Originating from neuroendocrine cells deriving from the neural crest [4], NET may arise in diverse anatomic locations and may be associated with symptoms resulting from the secretion of hormones or vasoactive peptides into the bloodstream. Based on the presence of hormone-related syndromes, NET may be classified into functional (33–50% of patients) and non-functional forms. Being part of the amine precursor uptake and decarboxylation cell system, NET can produce a large variety of substances since they take up, accumulate and decarboxylate amine precursors such as dihydroxy-phenylalanine (DOPA) and hydroxyl-tryptophane. Another typical feature of neuroendocrine cells is the expression of several receptors in high quantities [4].
Although NET may arise virtually anywhere in the human body, the most common location of NET primary lesions is the gastroenteropancreatic (GEP) tract, followed by the lungs. Less frequent sites include the skin, the adrenal glands, the thyroid and the genital tract [5]. Traditionally, GEP NET were classified based on their origin in the foregut (pancreas, stomach, duodenum), midgut (ileum, appendix) or hindgut (colon, rectum). However, the European Neuroendocrine Tumour Society and the American Joint Committee on Cancer have proposed also using the TNM staging system for NET of the foregut, midgut and hindgut [6, 7]. The use Ki67 levels to define the histological grade of NET has been proposed: low grade (grade 1), Ki67 <2%; intermediate grade (grade 2), Ki67 3% to 20%; high grade (grade 3), Ki67 >20% [6, 7]. The International Association for the Study of Lung Cancer has also recently recommended the use of the TNM staging system for pulmonary NET [8].
The small size of NET, their variable anatomical location and the slow metabolic rate of well-differentiated forms, have limited their detection using different imaging procedures. Traditionally, NET diagnostic work-up included morphological imaging procedures such as computed tomography (CT), ultrasonography (US) and magnetic resonance imaging (MRI) combined with functional imaging, namely whole-body somatostatin receptor scintigraphy (SRS) [9, 10]. As described by Chiti et al. in this issue, the introduction of SRS represented a milestone in the NET diagnostic flow-chart. In a study analysing more than 1,000 patients, Krenning et al. observed a higher accuracy of SRS as compared to other morphological imaging modalities [11] for the detection of both primary NET and their metastatic lesions.

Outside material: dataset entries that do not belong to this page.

lemma tor_boundary_absorbing_boundaries:
  "tor_boundary_absorbing mult act umul
    {x :: ((('r \<Rightarrow>\<^sub>0 'r unitz) \<Rightarrow>\<^sub>0 'r unitz) \<times> 'n::ab_group_add) \<Rightarrow>\<^sub>0 int.
      \<exists>y. Poly_Mapping.keys y \<subseteq> free_car {q \<in> free_car aug_ker. aug_l free_act q = 0} \<times> UNIV \<and>
        push (\<lambda>(q, n). (aug_l free_act q, n)) y - x
          \<in> tensor_rel (free_car aug_ker) UNIV (\<lambda>p s. free_act s p) aug_smul}"
  (is "tor_boundary_absorbing _ _ _ {x. \<exists>y. _ \<subseteq> ?P2 \<times> UNIV \<and> push ?d2 y - x \<in> ?T}")
proof
  have T: "zsmul.subspace ?T"
    by (rule subspace_tensor_rel)
  then show "zsmul.subspace {x. \<exists>y. Poly_Mapping.keys y \<subseteq> ?P2 \<times> UNIV \<and> push ?d2 y - x \<in> ?T}"
    by (rule subspace_push_preimage)
  show "?T \<subseteq> {x. \<exists>y. Poly_Mapping.keys y \<subseteq> ?P2 \<times> UNIV \<and> push ?d2 y - x \<in> ?T}"
  proof
    fix x assume "x \<in> ?T"
    then have "push ?d2 0 - x \<in> ?T"
      using zsmul.subspace_neg[OF T] by (simp add: additive.zero[OF additive_push])
    then show "x \<in> {x. \<exists>y. Poly_Mapping.keys y \<subseteq> ?P2 \<times> UNIV \<and> push ?d2 y - x \<in> ?T}"
      by (intro CollectI exI[of _ 0] conjI) simp_all
  qed
  fix q :: "('r \<Rightarrow>\<^sub>0 'r unitz) \<Rightarrow>\<^sub>0 'r unitz" and n :: 'n
  assume "q \<in> free_car aug_ker" "aug_l free_act q = 0"
  moreover have "push ?d2 (frag_of (free_gen q, n)) = frag_of (q, n)"
    by (simp add: push_eq_frag_lift)
  ultimately show "frag_of (q, n) \<in> {x. \<exists>y. Poly_Mapping.keys y \<subseteq> ?P2 \<times> UNIV \<and> push ?d2 y - x \<in> ?T}"
    by (intro CollectI exI[of _ "frag_of (free_gen q, n)"] conjI) (simp_all add: zsmul.subspace_0[OF T])
qed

Despite the high accuracy of SRS for the detection of NET, the recent introduction of novel somatostatin analogues labelled with 68Ga (68Ga-DOTA peptides) has completely revolutionized the traditional diagnostic approach to NET in specialized centres in Europe. The use of 68Ga-DOTA peptide PET/CT offers several advantages over SRS. From a technical point of view, the synthesis of 68Ga-DOTA peptides is relatively easy and economical, and can also be performed in centres without an on-site cyclotron. PET/CT imaging is less time-consuming than SRS (2 hours, instead of the 4 plus 24 hours acquisition). The possibility to semiquantify the activity in a given region of interest is another potential advantage of PET scanning over SRS and the SUVmax has recently been reported to be a prognostic factor [12]. Moreover, among the other advantages is the higher spatial resolution of the PET tomograph as compared to the gamma camera, providing better visualization of small lesions (<10 mm).
The synthesis of specific PET tracers for NET imaging has been pursued mainly as a consequence of the marginal role of FDG for the visualization of well-differentiated NET [13] and because of the difficulties in the synthesis of other PET tracers for NET imaging (e.g. 18F-DOPA).

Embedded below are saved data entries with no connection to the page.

section \<open>A Pinsker-type inequality\<close>

text \<open>Pointwise form for a = sqrt p, b = sqrt q: uses ln z \<le> z - 1 and
  32 |a - b|(a + b) \<le> 256 (a - b)^2 + (a + b)^2.\<close>

lemma pinsker_pointwise:
  fixes a b :: real
  assumes "a > 0" "b > 0"
  shows "16 * \<bar>a^2 - b^2\<bar> \<le> 128 * (a^2 * ln (a^2 / b^2)) + 128 * b^2 - 128 * a^2 + a^2 + b^2"
proof -
  have "ln (b / a) \<le> b / a - 1"
    using assms by (intro ln_le_minus_one) simp
  moreover have "a^2 * ln (a^2 / b^2) = 2 * a^2 * (- ln (b / a))"
    using assms by (simp add: power_divide[symmetric] ln_realpow ln_div)
  moreover have "2 * a^2 * (1 - b / a) \<le> 2 * a^2 * (- ln (b / a))"
    using calculation(1) by (intro mult_left_mono) simp_all
  ultimately have "a^2 * ln (a^2 / b^2) \<ge> 2 * a^2 * (1 - b / a)"
    by simp
  also have "2 * a^2 * (1 - b / a) = 2 * a^2 - 2 * (a * b)"
    using assms by (simp add: power2_eq_square field_simps)
  finally have log_part: "a^2 * ln (a^2 / b^2) \<ge> 2 * a^2 - 2 * (a * b)" .
  have "a^2 - b^2 = (a - b) * (a + b)"
    by (simp add: power2_eq_square algebra_simps)
  then have "\<bar>a^2 - b^2\<bar> = \<bar>a - b\<bar> * (a + b)"
    using assms by (simp add: abs_mult)
  moreover have "0 \<le> (16 * \<bar>a - b\<bar> - (a + b))^2"
    by simp
  moreover have "(16 * \<bar>a - b\<bar> - (a + b))^2 = 256 * (a - b)^2 - 32 * (\<bar>a - b\<bar> * (a + b)) + (a + b)^2"
    using power2_diff[of "16 * \<bar>a - b\<bar>" "a + b"] by (simp add: power2_abs power_mult_distrib)
  ultimately have "32 * \<bar>a^2 - b^2\<bar> \<le> 256 * (a - b)^2 + (a + b)^2"
    by (smt (verit))
  moreover have "(a + b)^2 = a^2 + b^2 + 2 * (a * b)" "(a - b)^2 = a^2 + b^2 - 2 * (a * b)"
    by (simp_all add: power2_sum power2_diff)
  moreover have "0 \<le> (a - b)^2"
    by simp
  ultimately show ?thesis
    using log_part by linarith
qed

text \<open>For two positive probability vectors on a finite set, the L1 distance is at most
  8 KL + 1/8 (a weak but sufficient form of Pinsker's inequality).\<close>

lemma l1_le_kl:
  fixes P Q :: "'a \<Rightarrow> real"
  assumes "finite S" "\<forall>h\<in>S. P h > 0" "\<forall>h\<in>S. Q h > 0" "sum P S = 1" "sum Q S = 1"
  shows "(\<Sum>h\<in>S. \<bar>P h - Q h\<bar>) \<le> 8 * (\<Sum>h\<in>S. P h * ln (P h / Q h)) + 1/8"
proof -
  have "16 * (\<Sum>h\<in>S. \<bar>P h - Q h\<bar>) = (\<Sum>h\<in>S. 16 * \<bar>P h - Q h\<bar>)"
    by (simp add: sum_distrib_left)
  also have "\<dots> \<le> (\<Sum>h\<in>S. 128 * (P h * ln (P h / Q h)) + 128 * Q h - 128 * P h + P h + Q h)"
    using assms(2,3) pinsker_pointwise[of "sqrt (P _)" "sqrt (Q _)"]
    by (intro sum_mono) simp
  also have "\<dots> = 128 * (\<Sum>h\<in>S. P h * ln (P h / Q h)) + 2"
    using assms(4,5) by (simp add: sum.distrib sum_subtractf sum_distrib_left[symmetric])
  finally show ?thesis
    by simp
qed

section \<open>The hard instances\<close>

text \<open>Epoch t lies in block (t - 1) div L.  In block j the arm a j has mean 1/2 + e and
  every other arm mean 1/2.  Choosing a j outside 1..K gives a block without good arm.\<close>

definition hard_instance :: "real \<Rightarrow> nat \<Rightarrow> (nat \<Rightarrow> nat) \<Rightarrow> nat \<Rightarrow> nat \<Rightarrow> real" where
  "hard_instance e L a t k = (if k = a ((t - 1) div L) then 1/2 + e else 1/2)"

lemma hard_instance_Suc: "hard_instance e L a (Suc s) k = (if k = a (s div L) then 1/2 + e else 1/2)"
  by (simp add: hard_instance_def)

lemma hard_instance_interior: "0 < e \<Longrightarrow> e < 1/2 \<Longrightarrow> interior_means (hard_instance e L a)"
  by (auto simp: interior_means_def hard_instance_def)

lemma hard_instance_step_variation:
  assumes "0 \<le> e" "L > 0" "K > 0" "t \<ge> 1"
  shows "Max ((\<lambda>k. \<bar>hard_instance e L a t k - hard_instance e L a (t+1) k\<bar>) ` {1..K})
           \<le> (if L dvd t then e else 0)"
proof -
  have ne: "(\<lambda>k. \<bar>hard_instance e L a t k - hard_instance e L a (t+1) k\<bar>) ` {1..K} \<noteq> {}"
    using assms by auto
  show ?thesis
  proof (cases "L dvd t")
    case True
    then show ?thesis
      using assms ne by (subst Max_le_iff) (auto simp: hard_instance_def)
  next
    case False
    then have "t div L = (t - 1) div L"
      using assms by (cases t) (simp_all add: div_Suc dvd_eq_mod_eq_0)
    then show ?thesis
      using ne False by (subst Max_le_iff) (auto simp: hard_instance_def)
  qed
qed

lemma card_multiples_le:
  assumes "L > 0"
  shows "card {t\<in>{1..n}. L dvd t} \<le> n div L"
proof -
  have "{t\<in>{1..n}. L dvd t} \<subseteq> (\<lambda>i. i * L) ` {1..n div L}"
  proof
    fix t assume "t \<in> {t\<in>{1..n}. L dvd t}"
    then obtain c where c: "t = c * L" "1 \<le> t" "t \<le> n"
      by (auto elim!: dvdE simp: mult.commute)
    then have "c \<ge> 1"
      by (cases c) auto
    moreover have "c \<le> n div L"
      using c assms by (metis div_le_mono nonzero_mult_div_cancel_right not_gr0)
    ultimately show "t \<in> (\<lambda>i. i * L) ` {1..n div L}"
      using c by auto
  qed
  then have "card {t\<in>{1..n}. L dvd t} \<le> card ((\<lambda>i. i * L) ` {1..n div L})"
    by (intro card_mono) auto
  also have "\<dots> \<le> card {1..n div L}"
    by (rule card_image_le) simp
  finally show ?thesis
    by simp
qed

lemma hard_instance_variation:
  assumes "0 \<le> e" "e \<le> 1/2" "L > 0" "K > 0" "e * real T / real L \<le> V"
  shows "in_variation_set K T V (hard_instance e L a)"
  unfolding in_variation_set_def
proof
  show "\<forall>t\<in>{1..T}. \<forall>k\<in>{1..K}. 0 \<le> hard_instance e L a t k \<and> hard_instance e L a t k \<le> 1"
    using assms by (auto simp: hard_instance_def)
  have "(\<Sum>t=1..T-1. Max ((\<lambda>k. \<bar>hard_instance e L a t k - hard_instance e L a (t+1) k\<bar>) ` {1..K}))
        \<le> (\<Sum>t=1..T-1. if L dvd t then e else 0)"
    using assms by (intro sum_mono hard_instance_step_variation) auto
  also have "\<dots> = e * real (card {t\<in>{1..T-1}. L dvd t})"
  proof -
    have "{t\<in>{1..T-1}. L dvd t} = {1..T-1} \<inter> {t. L dvd t}"
      by auto
    then show ?thesis
      by (simp add: sum.If_cases)
  qed
  also have "\<dots> \<le> e * real ((T - 1) div L)"
    using card_multiples_le[OF assms(3)] assms by (intro mult_left_mono) auto
  also have "\<dots> \<le> e * (real T / real L)"
  proof -
    have "real ((T - 1) div L) * real L \<le> real (T - 1)"
      by (metis div_times_less_eq_dividend of_nat_le_iff of_nat_mult)
    then have "real ((T - 1) div L) \<le> real T / real L"
      using assms by (simp add: pos_le_divide_eq)
    then show ?thesis
      using assms by (intro mult_left_mono) auto
  qed
  finally show "(\<Sum>t=1..T-1. Max ((\<lambda>k. \<bar>hard_instance e L a t k - hard_instance e L a (t+1) k\<bar>) ` {1..K})) \<le> V"
    using assms by simp
qed

lemma best_mean_hard_instance:
  assumes "a (t div L) \<in> {1..K}" "0 \<le> e"
  shows "best_mean K (hard_instance e L a) (Suc t) = 1/2 + e"
  unfolding best_mean_def
proof (rule Max_eqI)
  show "finite ((\<lambda>k. hard_instance e L a (Suc t) k) ` {1..K})"
    by simp
  show "\<And>y. y \<in> (\<lambda>k. hard_instance e L a (Suc t) k) ` {1..K} \<Longrightarrow> y \<le> 1/2 + e"
    using assms by (auto simp: hard_instance_Suc)
  show "1/2 + e \<in> (\<lambda>k. hard_instance e L a (Suc t) k) ` {1..K}"
    using assms by (intro image_eqI[of _ _ "a (t div L)"]) (auto simp: hard_instance_Suc)
qed

lemma sum_best_mean_hard_instance:
  assumes "\<forall>t<T. a (t div L) \<in> {1..K}" "0 \<le> e"
  shows "(\<Sum>t=1..T. best_mean K (hard_instance e L a) t) = real T * (1/2 + e)"
proof -
  have "(\<Sum>t=1..T. best_mean K (hard_instance e L a) t) = (\<Sum>t<T. best_mean K (hard_instance e L a) (Suc t))"
    using sum.atLeast1_atMost_eq[of "best_mean K (hard_instance e L a)" T] by simp
  also have "\<dots> = (\<Sum>t<T. 1/2 + e)"
    using assms best_mean_hard_instance by (intro sum.cong) auto
  finally show ?thesis
    by simp
qed

definition hit_prob :: "real \<Rightarrow> nat \<Rightarrow> (nat \<Rightarrow> nat) \<Rightarrow> (bool list \<Rightarrow> nat) \<Rightarrow> nat \<Rightarrow> real" where
  "hit_prob e L a p t =
     (\<Sum>h\<in>{h. length h = t}. hist_prob (hard_instance e L a) p h * (if p h = a (t div L) then 1 else 0))"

68Ga-DOTA peptides are a group of PET tracers that specifically bind to somatostatin receptors (SST) that are over-expressed on NET cells. SST are G-protein-coupled receptors and are internalized after specific ligand binding [14], and six different types have been identified (SST1, 2A, 2B, 3, 4 and 5) in humans. Structurally 68Ga-DOTA peptides are made of an active part directly binding to SST (TOC, NOC, TATE), a chelate (DOTA) and the beta-emitting isotope (68Ga). The main difference among the various tracers (DOTA-TOC, DOTA-NOC, DOTA-TATE) is the variable affinity to SST subtypes [15]: while all can bind to SST2 and SST5, only DOTA-NOC also shows good affinity for SST3. However, there is currently no evidence of a clinical impact of these differences in receptor binding affinity, and therefore there is no indication suggesting the preferential use of one compound over the others. The labelling with 68Ga also presents advantages over other employed isotopes as reported by Antunes et al. [15] and DeCristoforo in this issue.
From the time of their first use in humans, the use of 68Ga-DOTA peptides has increased exponentially, and the number of papers describing their use in patients with NET has risen considerably in the past few years. At present, their use is limited to clinical trials in specialized centres.

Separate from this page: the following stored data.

(* Let $k\in\mathbb{Z}$ and $z\in\mathbb{C}$ with $|z|\ge \left(\tfrac12+(2|k|+1)\pi\right)e^{-1/2}$ (in particular, this holds whenever $|z|\ge 4(|k|+1)$). Then $|W_k'(z)|\le \frac{1}{|z|}$.
   Context: $W_k$ denotes the $k$-th branch of the Lambert $W$ function (inverse of $w\mapsto we^w$) in the standard convention of Corless, Gonnet, Hare, Jeffrey and Knuth (1996). On a branch cut, values are defined by continuity from the upper half plane and $W_k'$ denotes the derivative of the fixed branch $W_k$ (directional derivative along the cut there). *)

theory Defs
  imports "HOL-Analysis.Analysis"
begin

text \<open>Branches of the Lambert W function, following Corless--Gonnet--Hare--Jeffrey--Knuth.
  The range of branch k is described via the quantity Im w + Arg w (Arg with values in
  (-pi, pi]): the boundaries of the Corless ranges are exactly the curves where this quantity
  is an odd multiple of pi. Boundaries are attached so that each branch is continuous from
  the upper half plane on its cut (counter-clockwise continuity). The real segment
  (-inf,-1] belongs to branch -1 (W_{-1} is real on [-1/e,0)), w = -1 lies in both
  ranges of branches 0 and -1.\<close>

definition lambert_range :: "int \<Rightarrow> complex set" where
  "lambert_range k =
     (if k = 0 then
        {w. - pi < Im w + Arg w \<and> Im w + Arg w \<le> pi} - {w. Im w = 0 \<and> Re w < -1}
      else if k = -1 then
        {w. - 3 * pi < Im w + Arg w \<and> Im w + Arg w \<le> - pi} \<union> {w. Im w = 0 \<and> Re w \<le> -1}
      else
        {w. (2 * of_int k - 1) * pi < Im w + Arg w \<and> Im w + Arg w \<le> (2 * of_int k + 1) * pi})"

definition Lambert_W :: "int \<Rightarrow> complex \<Rightarrow> complex" where
  "Lambert_W k z = (THE w. w * exp w = z \<and> w \<in> lambert_range k)"

definition lambert_cut :: "int \<Rightarrow> complex set" where
  "lambert_cut k =
     (if k = 0 then {z. Im z = 0 \<and> Re z \<le> - exp (-1)} else {z. Im z = 0 \<and> Re z \<le> 0})"

text \<open>D is the derivative W_k'(z) of the fixed branch W_k at z: the complex derivative off the
  cut, the directional derivative along the cut on the cut.\<close>

definition Lambert_W_has_deriv :: "int \<Rightarrow> complex \<Rightarrow> complex \<Rightarrow> bool" where
  "Lambert_W_has_deriv k z D \<longleftrightarrow>
     (Lambert_W k has_field_derivative D)
        (at z within (if z \<in> lambert_cut k then lambert_cut k else UNIV))"

end

theory Submission
  imports Defs "HOL-Complex_Analysis.Complex_Analysis"
begin

(* On the region D where Re w > 0, or Re w > -1/2 and |Im w| > 1/2, the function
   h w = Ln w + w is a logarithm of w e^w with Im (h w) = Im w + Arg w, the quantity that
   singles out the branch ranges. h is injective on D: its derivative 1/w + 1 has positive
   real part on each of three convex pieces of D, and Im h tells the pieces apart.
   If |z| exceeds the bound, every preimage of a point near z in the range of W_k lies in D.
   Hence near z (along the cut, if z is on it) W_k is g (log z + 2 pi i k) for the inverse g of
   h and a suitable branch of log, so W_k'(z) = w / ((1 + w) z) with w = W_k(z), and
   |w / (1 + w)| <= 1 because Re w > -1/2. *)

lemma inj_on_convex_if_Re_deriv_pos:
  fixes f f' :: "complex \<Rightarrow> complex"
  assumes C: "convex C"
    and deriv: "\<And>w. w \<in> C \<Longrightarrow> (f has_field_derivative f' w) (at w)"
    and pos: "\<And>w. w \<in> C \<Longrightarrow> 0 < Re (f' w)"
  shows "inj_on f C"
proof (rule inj_onI, rule ccontr)
  fix a b assume ab: "a \<in> C" "b \<in> C" "f a = f b" and "a \<noteq> b"
  define d where "d = b - a"
  have "d \<noteq> 0" using \<open>a \<noteq> b\<close> by (simp add: d_def)
  have segment: "a + of_real t * d \<in> C" if "0 \<le> t" "t \<le> 1" for t
  proof -
    have "(1 - t) *\<^sub>R a + t *\<^sub>R b \<in> C"
      using convexD[OF C ab(1,2), of "1 - t" t] that by simp
    then show ?thesis by (simp add: d_def scaleR_conv_of_real algebra_simps)
  qed
  define q where "q t = Re (f (a + of_real t * d) / d)" for t
  have q_deriv: "(q has_real_derivative Re (f' (a + of_real t * d))) (at t)"
    if "0 \<le> t" "t \<le> 1" for t
  proof -
    have "((\<lambda>s. a + s * d) has_field_derivative d) (at (of_real t))"
      by (auto intro!: derivative_eq_intros)
    from DERIV_cdivide[OF DERIV_chain2[OF deriv[OF segment[OF that]] this], of d]
    have "((\<lambda>s. f (a + s * d) / d) has_field_derivative f' (a + of_real t * d)) (at (of_real t))"
      using \<open>d \<noteq> 0\<close> by simp
    from has_field_derivative_Re[OF has_vector_derivative_real_field[OF this, of UNIV]]
    show ?thesis unfolding q_def by simp
  qed
  obtain t where t: "0 < t" "t < 1" "q 1 - q 0 = Re (f' (a + of_real t * d))"
    using MVT2[of 0 1 q "\<lambda>t. Re (f' (a + of_real t * d))"] q_deriv by auto
  moreover have "q 1 = q 0" using ab(3) by (simp add: q_def d_def)
  ultimately show False using pos[OF segment[of t]] by simp
qed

68Ga-DOTA peptide synthesis
From a technical point of view, the synthesis process is relatively easy: 68Ga can be easily eluted from a commercially available 68Ge/68Ga generator without the need for an on-site cyclotron. The long half-life of the mother radionuclide 68Ge (270.8 days) makes it possible to use the generator for approximately 9–12 months depending on requirements. 68Ga (half-life 68 min) is a positron emitter with 89% positron emission and negligible gamma emission (1,077 keV) of 3.2% only. For labelling, the 68Ga eluate is first concentrated and purified using a microchromatography method [16]. Radiolabelling yields of >95% can usually be achieved within 15 min.
PET/CT imaging protocol using 68Ga-DOTA peptides
PET/CT image acquisition using 68Ga-DOTA peptides has recently been standardized [17]. PET/CT image acquisition starts at 60 min after intravenous injection of approximately 100 MBq (75–250 MBq) of the chosen radiolabelled peptide (68Ga-DOTA-TOC, 68Ga-DOTA-NOC, 68Ga-DOTA-TATE). The amount of injected radioactivity strictly depends on the daily production of the generator for each single elution (usually in the range 300–700 MBq), by the tomograph characteristics (the use of 3-D tomographs is recommended) and, of course, by the number of patients scanned per day. The discontinuation of somatostatin analogue treatment before the PET/CT scan is not mandatory and no clear evidence supports the need for discontinuing their use before scanning.
Considering that SST are widely dispersed within the human body, different organs may be imaged using 68Ga-DOTA peptides, including the liver, spleen, pituitary, thyroid, kidneys, adrenal glands, salivary glands, stomach wall and bowel. A potential pitfall in image interpretation is represented by the uptake of tracer in the pancreatic head. Tracer uptake in the exocrine pancreas (head) has been reported to be a relatively frequent finding (Gabriel et al. [18] with DOTA-TOC, 67.8%; Castellucci et al. [19] with DOTA-NOC, 31%) and is not necessarily associated with the presence of active disease. Its clinical significance, however, as well as the detailed mechanism of uptake in the pancreatic head, are still unclear. Among the causes of potential pitfalls in image interpretation, inflammation needs to be considered, since SST are expressed on activated lymphocytes, and therefore 68Ga-DOTA peptides may be falsely positive in inflamed areas. Moreover, an accessory spleen or physiological activity at the adrenal level may be other causes of false-positive reports.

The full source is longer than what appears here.